2. Misremembering key genetic translocations. A common error is to associate the MYC translocation with lymphomas other than Burkitt. For recall: Burkitt is "MYC-fast" (aggressive, t(8;14)). Mantle cell has t(11;14) for cyclin D1.
3. Overlooking "B Symptoms." These are not minor complaints. On exams and in practice, the presence of fever, night sweats, or significant weight loss upstages the disease (to Stage B) and influences treatment intensity. They are a critical piece of the clinical history.
4. Equating "indolent" with "harmless." Follicular lymphoma is indolent but still a serious, systemic malignancy requiring monitoring or treatment. It is chronic and often incurable, unlike aggressive lymphomas like DLBCL which can be cured.

Summary

• Lymphomas are fundamentally divided into Hodgkin Lymphoma (HL), characterized by Reed-Sternberg cells, and the more common Non-Hodgkin Lymphoma (NHL), which includes numerous subtypes.
• HL often presents in young adults with painless cervical lymphadenopathy and systemic B symptoms (fever, night sweats, weight loss).
• Key NHL subtypes include indolent Follicular lymphoma, aggressive Diffuse Large B-Cell Lymphoma (DLBCL), highly aggressive Burkitt lymphoma (with pathognomonic t(8;14) MYC translocation), and Mantle cell lymphoma (with t(11;14) causing cyclin D1 overexpression).

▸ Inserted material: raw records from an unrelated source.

(* Let $p_1,\dots,p_k$ be finitely many distinct primes. Then the complex numbers $\ln(\gamma_{p_1}),\dots,\ln(\gamma_{p_k})$ are linearly independent over $\mathbb{Q}$.
   Context: For a prime $p$, define $$\gamma_p := i\cdot\frac{2^{p-1}-1}{2^{p-1}}+\frac{1}{2^{p-1}}\sqrt{2^p-1}.$$ Here $\ln$ is the principal branch of the complex logarithm. With this choice, $\ln(\gamma_p)= i\arccos(1-2^{-p+1})$ holds. *)

theory Defs
  imports "HOL-Analysis.Analysis"
begin

definition gamma_p :: "nat \<Rightarrow> complex" where
  "gamma_p p = \<i> * complex_of_real ((2 ^ (p - 1) - 1) / 2 ^ (p - 1))
             + complex_of_real (sqrt (2 ^ p - 1) / 2 ^ (p - 1))"

end

theory Submission
  imports Defs "HOL-Computational_Algebra.Nth_Powers" "HOL-Number_Theory.Pocklington"
begin

(* Clearing denominators turns a rational relation among the Ln (gamma_p p) into
   prod gamma_p p ^ n p = 1 with integer exponents.  Fix p >= 3.  Adjoining to Q(i) the square
   roots of the pairwise coprime non-squares 2^r - 1 (r ~= p) gives a field K containing every
   gamma_p r with r ~= p but not sqrt (2^p - 1).  So gamma_p p ^ |n p| lies in K and is fixed by
   the conjugation sqrt (2^p - 1) |-> - sqrt (2^p - 1), which maps gamma_p p to - cnj (gamma_p p);
   since |gamma_p p| = 1, gamma_p p would be a root of unity unless n p = 0.  It is not one:
   w = gamma_p p ^ 2 satisfies |w| = 1 and w + cnj w = (odd integer) / (even integer), and a
   parity argument on the Lucas sequence V_M = d^M (w^M + cnj w^M) rules out w^M = 1.
   For p = 2, gamma_p 2 is a root of unity, but Ln (gamma_p 2) ~= 0 finishes the proof. *)

definition quad_ext :: "'a::field set \<Rightarrow> 'a \<Rightarrow> 'a set" where
  "quad_ext K s = {x + y * s |x y. x \<in> K \<and> y \<in> K}"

• Molecular genetics, especially specific chromosomal translocations, are essential diagnostic and prognostic markers that exemplify the direct link between basic molecular biology and clinical medicine.
• Always base the definitive diagnosis on histopathology (biopsy), and remember that clinical presentation guides the differential but does not provide the final answer.